At impact if your face angle is pointing left that's where the ball will start, pointing right it will start right, square it'll start straight, what happens to the direction of travel after that initial start line depends on both where on the face the ball was struck (center, heel, toe) & what the direction of the swing path was traveling in.

Example, if you're trying to get rid of a slice, so you adjust the face angle of an adjustable club by direction/orientation (or/& weights adjustment) so the face is closed, so looking left of square, if your swing path is still heavily out to in, the ball will now start even further left than it would have if the face had been left in the 'square' orientation. Depending on how much the adjusted closed face differs from the swing path (in degrees) the ball could either stay straight left, start left & move even further left, or start left 7 come back right some.

If you're trying to change a flight direction pattern you not only need to be aware of face angle through impact but have to work on the swing path direction also. Plus before you start any of this make sure you have the grip in the correct position.


----------



## the_coach (May 4, 2014)

Nick_Toye said:



			Ok, so closed is right and open is left?
		
Click to expand...

No the opposite, a face angle looking to the right of the ball/target line at address/impact is open, looking to left is closed.


----------



## Nick_Toye (May 4, 2014)

the_coach said:



			No the opposite, a face angle looking to the right of the ball/target line at address/impact is open, looking to left is closed.
		
Click to expand...

Yeah sorry that's what I meant.

I just have a Covert Driver that has adjustable lofts and face angle, but I just don't get how it works.  Even though I may be new to the game and I don't need to know as such, I like to know how things work.  Just how I'm built.


----------



## Nick_Toye (May 4, 2014)

Actually, what would be the best setting for someone just starting?

I have 8 to 12 degree options, which is the best to set the neutral at?


----------



## MadAdey (May 4, 2014)

My advice to a beginner is to crank the loft to it's maximum.

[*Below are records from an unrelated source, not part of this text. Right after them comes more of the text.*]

(* In the Yangian $Y_\hbar(A(m,n))$ described below, for all $i,j\in I$ and $s\in\mathbb Z_{\ge0}$ one has, as an identity of formal power series in $v$, $$\Big[\hbar\sum_{r\ge0}t_{i,r}\frac{v^r}{r!},\;x^\pm_{j,s}\Big]=\pm\frac{q^{a_{ij}v}-q^{-a_{ij}v}}{v}\sum_{k\ge0}\frac{v^k}{k!}\,x^\pm_{j,s+k},$$ where $q^{cv}:=e^{\hbar cv/2}$.
   Context: Let $m,n\ge0$, $I=\{1,\dots,m+n+1\}$, $(a_{ij})$ the symmetric matrix with $a_{ii}=2$ ($i\le m$), $a_{m+1,m+1}=0$, $a_{ii}=-2$ ($i\ge m+2$), $a_{i,i+1}=a_{i+1,i}=-1$ ($i\le m$), $a_{i,i+1}=a_{i+1,i}=1$ ($m+1\le i\le m+n$), other entries $0$; $\tilde a_{ij}=-1$ if $|i-j|=1$, $0$ otherwise. Brackets are supercommutators $[a,b]=ab-(-1)^{p(a)p(b)}ba$. $Y_\hbar(A(m,n))$ is the superalgebra over $\mathbb C[[\hbar]]$ generated by $h_{i,k},x^\pm_{i,k}$ ($i\in I$, $k\ge0$), with $x^\pm_{m+1,k}$ odd and others even, subject to: $[h_{i,k},h_{j,l}]=0$; $[h_{i,0},x^\pm_{j,s}]=\pm a_{ij}x^\pm_{j,s}$; $[x^+_{i,k},x^-_{j,l}]=\delta_{ij}h_{i,k+l}$; for $(i,j)\ne(m+1,m+1)$: $[h_{i,k+1},x^\pm_{j,l}]=[h_{i,k},x^\pm_{j,l+1}]\pm\frac{a_{ij}\hbar}{2}(h_{i,k}x^\pm_{j,l}+x^\pm_{j,l}h_{i,k})$ and $[x^\pm_{i,k+1},x^\pm_{j,l}]=[x^\pm_{i,k},x^\pm_{j,l+1}]\pm\frac{a_{ij}\hbar}{2}(x^\pm_{i,k}x^\pm_{j,l}+x^\pm_{j,l}x^\pm_{i,k})$; $[h_{m+1,k+1},x^\pm_{m+1,l}]=0$; $[x^\pm_{m+1,k+1},x^\pm_{m+1,l}]=0$; for $i\ne j$, $r=1-\tilde a_{ij}$: $\sum_{\pi\in\mathfrak S_r}[x^\pm_{i,t_{\pi(1)}},[\dots,[x^\pm_{i,t_{\pi(r)}},x^\pm_{j,s}]\dots]]=0$; $[[x^\pm_{m,k},x^\pm_{m+1,0}],[x^\pm_{m+1,0},x^\pm_{m+2,t}]]=0$. The elements $t_{i,r}$ are defined by $\hbar\sum_{r\ge0}t_{i,r}u^{-r-1}=\log\big(1+\hbar\sum_{r\ge0}h_{i,r}u^{-r-1}\big)$. *)

theory Defs
  imports "HOL-Computational_Algebra.Formal_Power_Series" "HOL-Combinatorics.Permutations"
begin

(* An associative unital algebra over C[[hbar]]: a ring 'a together with a unital ring
   homomorphism emb from C[[hbar]] (= complex fps, hbar = fps_X) into the centre of 'a. *)
definition alg_structure :: "(complex fps \<Rightarrow> 'a::ring_1) \<Rightarrow> bool" where
  "alg_structure emb \<longleftrightarrow> emb 1 = 1 \<and> (\<forall>a b. emb (a + b) = emb a + emb b)
     \<and> (\<forall>a b. emb (a * b) = emb a * emb b) \<and> (\<forall>c y. emb c * y = y * emb c)"

(* supercommutator of homogeneous elements with parities p q (True = odd) *)
definition sbr :: "bool \<Rightarrow> bool \<Rightarrow> 'a::ring_1 \<Rightarrow> 'a \<Rightarrow> 'a" where
  "sbr p q a b = (if p \<and> q then a * b + b * a else a * b - b * a)"

(* the Cartan matrix a_ij of A(m,n) on I = {1..m+n+1} *)
definition cartan :: "nat \<Rightarrow> nat \<Rightarrow> nat \<Rightarrow> nat \<Rightarrow> int" where
  "cartan m n i j = (if i = j then (if i \<le> m then 2 else if i = m + 1 then 0 else -2)
     else if j = i + 1 \<or> i = j + 1 then (if min i j \<le> m then -1 else 1) else 0)"

definition cartan_tilde :: "nat \<Rightarrow> nat \<Rightarrow> int" where
  "cartan_tilde i j = (if j = i + 1 \<or> i = j + 1 then -1 else 0)"

definition ypar :: "nat \<Rightarrow> nat \<Rightarrow> bool" where
  "ypar m i = (i = m + 1)"

definition sg :: "bool \<Rightarrow> int" where
  "sg e = (if e then 1 else -1)"

(* nested bracket [x_{i,t1},[x_{i,t2},...,[x_{i,tr},x_{j,s}]...]] with correct parities *)
fun serre_nest :: "nat \<Rightarrow> (bool \<Rightarrow> nat \<Rightarrow> nat \<Rightarrow> 'a::ring_1) \<Rightarrow> bool \<Rightarrow> nat \<Rightarrow> nat \<Rightarrow> nat
    \<Rightarrow> nat list \<Rightarrow> 'a" where
  "serre_nest m x e i j s [] = x e j s"
| "serre_nest m x e i j s (t # ts) =
     sbr (ypar m i) (ypar m j \<noteq> (ypar m i \<and> odd (length ts))) (x e i t) (serre_nest m x e i j s ts)"

(* defining relations of Y_hbar(A(m,n)); x True = x^+, x False = x^- *)
definition yangian_rels :: "nat \<Rightarrow> nat \<Rightarrow> (complex fps \<Rightarrow> 'a::ring_1) \<Rightarrow> (nat \<Rightarrow> nat \<Rightarrow> 'a)
    \<Rightarrow> (bool \<Rightarrow> nat \<Rightarrow> nat \<Rightarrow> 'a) \<Rightarrow> bool" where
  "yangian_rels m n emb h x \<longleftrightarrow>
    (let I = {1..m+n+1}; p = ypar m; a = cartan m n; hb = emb fps_X;
         half = (\<lambda>c::int. emb (fps_const (of_int c / 2))) in
     (\<forall>i\<in>I. \<forall>j\<in>I. \<forall>k l. h i k * h j l = h j l * h i k) \<and>
     (\<forall>i\<in>I. \<forall>j\<in>I. \<forall>e s. sbr False (p j) (h i 0) (x e j s) = of_int (sg e * a i j) * x e j s) \<and>
     (\<forall>i\<in>I. \<forall>j\<in>I. \<forall>k l. sbr (p i) (p j) (x True i k) (x False j l) = (if i = j then h i (k + l) else 0)) \<and>
     (\<forall>i\<in>I. \<forall>j\<in>I. (i, j) \<noteq> (m+1, m+1) \<longrightarrow> (\<forall>e k l.
        sbr False (p j) (h i (k+1)) (x e j l) = sbr False (p j) (h i k) (x e j (l+1))
          + of_int (sg e) * half (a i j) * hb * (h i k * x e j l + x e j l * h i k) \<and>
        sbr (p i) (p j) (x e i (k+1)) (x e j l) = sbr (p i) (p j) (x e i k) (x e j (l+1))
          + of_int (sg e) * half (a i j) * hb * (x e i k * x e j l + x e j l * x e i k))) \<and>
     (\<forall>e k l. sbr False True (h (m+1) (k+1)) (x e (m+1) l) = 0 \<and>
              sbr True True (x e (m+1) (k+1)) (x e (m+1) l) = 0) \<and>
     (\<forall>i\<in>I. \<forall>j\<in>I. i \<noteq> j \<longrightarrow> (\<forall>e s (t::nat \<Rightarrow> nat).
        (let r = nat (1 - cartan_tilde i j) in
         (\<Sum>\<pi> | \<pi> permutes {1..r}. serre_nest m x e i j s (map (\<lambda>q. t (\<pi> q)) [1..<r+1])) = 0))) \<and>
     (1 \<le> m \<and> 1 \<le> n \<longrightarrow> (\<forall>e k t.
        sbr True True (sbr False True (x e m k) (x e (m+1) 0)) (sbr True False (x e (m+1) 0) (x e (m+2) t)) = 0)))"

(* coefficient of u^{-k} in (\<Sum>_r h_r u^{-r-1})^n *)
fun hpow :: "(nat \<Rightarrow> 'a::ring_1) \<Rightarrow> nat \<Rightarrow> nat \<Rightarrow> 'a" where
  "hpow hh 0 k = (if k = 0 then 1 else 0)"
| "hpow hh (Suc n) k = (\<Sum>a<k. hh a * hpow hh n (k - Suc a))"

(* t_{i,r}: hbar t_r is the coefficient of u^{-r-1} in log(1 + hbar \<Sum>_r h_r u^{-r-1})
   = \<Sum>_{n\<ge>1} (-1)^(n+1)/n hbar^n (\<Sum>_r h_r u^{-r-1})^n *)
definition tgen :: "(complex fps \<Rightarrow> 'a::ring_1) \<Rightarrow> (nat \<Rightarrow> 'a) \<Rightarrow> nat \<Rightarrow> 'a" where
  "tgen emb hh r = (\<Sum>n\<in>{1..r+1}. emb (fps_const ((-1) ^ (n+1) / of_nat n)) * emb fps_X ^ (n - 1) * hpow hh n (r+1))"

(* coefficient of v^N in q^{c v} = exp(hbar c v / 2), an element of C[[hbar]] *)
definition qcoef :: "int \<Rightarrow> nat \<Rightarrow> complex fps" where
  "qcoef c N = fps_const ((of_int c / 2) ^ N / fact N) * fps_X ^ N"

end

(*
  Put H(z) = 1 + hbar * sum_r h_r z^(r+1) (so z = u^-1) and encode x_(s+k) as T^k x_s, where T is
  the shift; write x(P) for P(T) x_s. The defining relations between h_i and x_j say exactly that
  H(z) x(P) = x(Phi(z) P) H(z) with Phi(z) = (1 - beta z) / (1 - alpha z), alpha = T + c hbar,
  beta = T - c hbar and c = +-a_ij / 2. The h_r commute, so L = log H satisfies L' H = H', and
  differentiating the conjugation formula gives [L'(z), x(P)] = x((log Phi)'(z) P)
  = x(sum_n (alpha^(n+1) - beta^(n+1)) z^n P). The coefficient of z^p in L' is (p+1) hbar t_p, so
  [hbar t_p / p!, x_s] = x((alpha^(p+1) - beta^(p+1)) / (p+1)!), and the binomial theorem turns
  this into the q-exponential formula.
*)

theory Submission
  imports Defs "HOL-Computational_Algebra.Polynomial"
begin

unbundle fps_syntax

section \<open>Power series over a noncommutative ring\<close>

lemma fps_mult_commute_coeffwise:
  fixes f g :: "'a::ring_1 fps"
  assumes "\<And>a b. f $ a * g $ b = g $ b * f $ a"
  shows "f * g = g * f"
proof (rule fps_ext)
  fix n
  have "(f * g) $ n = (\<Sum>i=0..n. g $ (n - i) * f $ i)"
    by (simp add: fps_mult_nth assms)
  also have "\<dots> = (\<Sum>i=0..n. g $ (n - (n + 0 - i)) * f $ (n + 0 - i))"
    by (rule sum.atLeastAtMost_rev)
  also have "\<dots> = (g * f) $ n"
    by (simp add: fps_mult_nth)
  finally show "(f * g) $ n = (g * f) $ n" .
qed

lemma fps_deriv_power_commuting:
  fixes G :: "'a::ring_1 fps"
  assumes "G * fps_deriv G = fps_deriv G * G"
  shows "fps_deriv (G ^ Suc n) = of_nat (Suc n) * G ^ n * fps_deriv G"
proof (induction n)
  case (Suc n)
  have "fps_deriv (G ^ Suc (Suc n)) = G * fps_deriv (G ^ Suc n) + fps_deriv G * G ^ Suc n"
    by (simp only: power_Suc[of G "Suc n"] fps_deriv_mult)
  also have "fps_deriv G * G ^ Suc n = G ^ Suc n * fps_deriv G"
    by (rule power_commuting_commutes[OF assms, symmetric])
  also have "G * fps_deriv (G ^ Suc n) = of_nat (Suc n) * G ^ Suc n * fps_deriv G"
    by (metis Suc.IH mult.assoc mult_of_nat_commute power_Suc)
  finally show ?case
    by (simp add: algebra_simps)
qed simp

lemma fps_power_nth_below:
  fixes G :: "'a::ring_1 fps"
  assumes "G $ 0 = 0" and "k < n"
  shows "(G ^ n) $ k = 0"
proof (cases "G = 0")
  case False
  then have "subdegree G \<ge> 1"
    using assms(1) subdegree_eq_0_iff by (metis less_one not_less)
  then have "k < n * subdegree G"
    using assms(2) by (metis mult.right_neutral mult_le_mono2 order_less_le_trans)
  then show ?thesis
    by (rule fps_pow_nth_below_subdegree)
qed (use assms(2) in \<open>simp add: zero_power\<close>)

lemma fps_mult_eq_0_cancel_right:
  fixes F H :: "'a::ring_1 fps"
  assumes "F * H = 0" and "H $ 0 = 1"
  shows "F = 0"
proof -
  have "F $ n = 0" for n
  proof (induction n rule: less_induct)
    case (less n)
    have "0 = (F * H) $ n"
      using assms(1) by simp
    also have "\<dots> = (\<Sum>i=0..<n. F $ i * H $ (n - i)) + F $ n * H $ 0"
      by (simp add: fps_mult_nth flip: atLeastLessThanSuc_atLeastAtMost)
    also have "\<dots> = F $ n"
      using less assms(2) by simp
    finally show ?case by simp
  qed
  then show ?thesis
    by (simp add: fps_eq_iff)
qed

lemma sum_powers_mult_one_minus:
  fixes x :: "'a::ring_1"
  shows "(\<Sum>i<n. x ^ i) * (1 - x) = 1 - x ^ n"
proof (induction n)
  case (Suc n)
  have "(\<Sum>i<Suc n. x ^ i) * (1 - x) = (\<Sum>i<n. x ^ i) * (1 - x) + x ^ n * (1 - x)"
    by (simp add: distrib_right)
  also have "\<dots> = 1 - x ^ Suc n"
    by (simp only: Suc.IH) (simp add: algebra_simps power_commutes)
  finally show ?case .
qed simp

lemma fps_const_neg_one_power: "fps_const ((-1::'a::ring_1) ^ n) = (-1) ^ n"
  by (simp only: fps_const_1_eq_1 flip: fps_const_power fps_const_neg)

text \<open>Coefficients of \<open>(1 - b z) / (1 - a z)\<close>.\<close>

definition ratio_coeff :: "'a::comm_ring_1 \<Rightarrow> 'a \<Rightarrow> nat \<Rightarrow> 'a" where
  "ratio_coeff a b k = (if k = 0 then 1 else (a - b) * a ^ (k - 1))"

lemma ratio_coeff_0 [simp]: "ratio_coeff a b 0 = 1"
  by (simp add: ratio_coeff_def)

lemma ratio_coeff_Suc: "ratio_coeff a b (Suc k) = ratio_coeff a b k * a - (if k = 0 then b else 0)"
  by (cases k) (simp_all add: ratio_coeff_def algebra_simps)

text \<open>The logarithmic derivative of \<open>(1 - b z) / (1 - a z)\<close> is \<open>\<Sum>\<^sub>n (a\<^sup>n\<^sup>+\<^sup>1 - b\<^sup>n\<^sup>+\<^sup>1) z\<^sup>n\<close>.\<close>

lemma ratio_coeff_log_deriv:
  "(\<Sum>i\<le>n. (a ^ Suc i - b ^ Suc i) * ratio_coeff a b (n - i)) = of_nat (Suc n) * ratio_coeff a b (Suc n)"
proof (induction n)
  case (Suc n)
  have "(\<Sum>i\<le>n. (a ^ Suc i - b ^ Suc i) * ratio_coeff a b (Suc n - i))
      = (\<Sum>i\<le>n. a * ((a ^ Suc i - b ^ Suc i) * ratio_coeff a b (n - i))
                   - (if i = n then (a ^ Suc n - b ^ Suc n) * b else 0))"
    by (intro sum.cong refl) (auto simp: Suc_diff_le ratio_coeff_Suc algebra_simps)
  also have "\<dots> = a * (of_nat (Suc n) * ratio_coeff a b (Suc n)) - (a ^ Suc n - b ^ Suc n) * b"
    by (simp only: sum_subtractf Suc.IH flip: sum_distrib_left) simp
  finally show ?case
    by (simp add: ratio_coeff_def algebra_simps)
qed (simp add: ratio_coeff_def)

lemma degree_linear_power_diff_le:
  fixes a b :: "'a::comm_ring_1"
  shows "degree ([:a, 1:] ^ Suc n - [:b, 1:] ^ Suc n) \<le> n"
proof (rule degree_le, intro allI impI)
  fix i assume "n < i"
  then consider "i = Suc n" | "Suc n < i"
    by linarith
  then show "coeff ([:a, 1:] ^ Suc n - [:b, 1:] ^ Suc n) i = 0"
    by cases (simp_all add: coeff_linear_poly_power coeff_eq_0 degree_linear_power)
qed

lemma fps_const_mult_X_power:
  fixes u :: "'a::comm_ring_1"
  shows "(fps_const u * fps_X) ^ M = fps_const (u ^ M) * fps_X ^ M"
  by (simp add: power_mult_distrib)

You may hit it high and not as far as the lower loft settings, but you will probably hit it straighter. Do not let it get into your head though that by closing the face will cure a bad slice and vice versa. From what I have seen it just does not work like that.


----------



## Nick_Toye (May 4, 2014)

MadAdey said:



			My advice to a beginner is to crank the loft to it's maximum. You may hit it high and not as far as the lower loft settings, but you will probably hit it straighter. Do not though let it get into your head though that by closing the face will cure a bad slice and vice versa. From what I have seen it just does not work like that.
		
Click to expand...

Yeah agree.  So set my neutral setting to 12 degrees (the highest setting) ?


----------



## the_coach (May 4, 2014)

Nick_Toye said:



			Actually, what would be the best setting for someone just starting?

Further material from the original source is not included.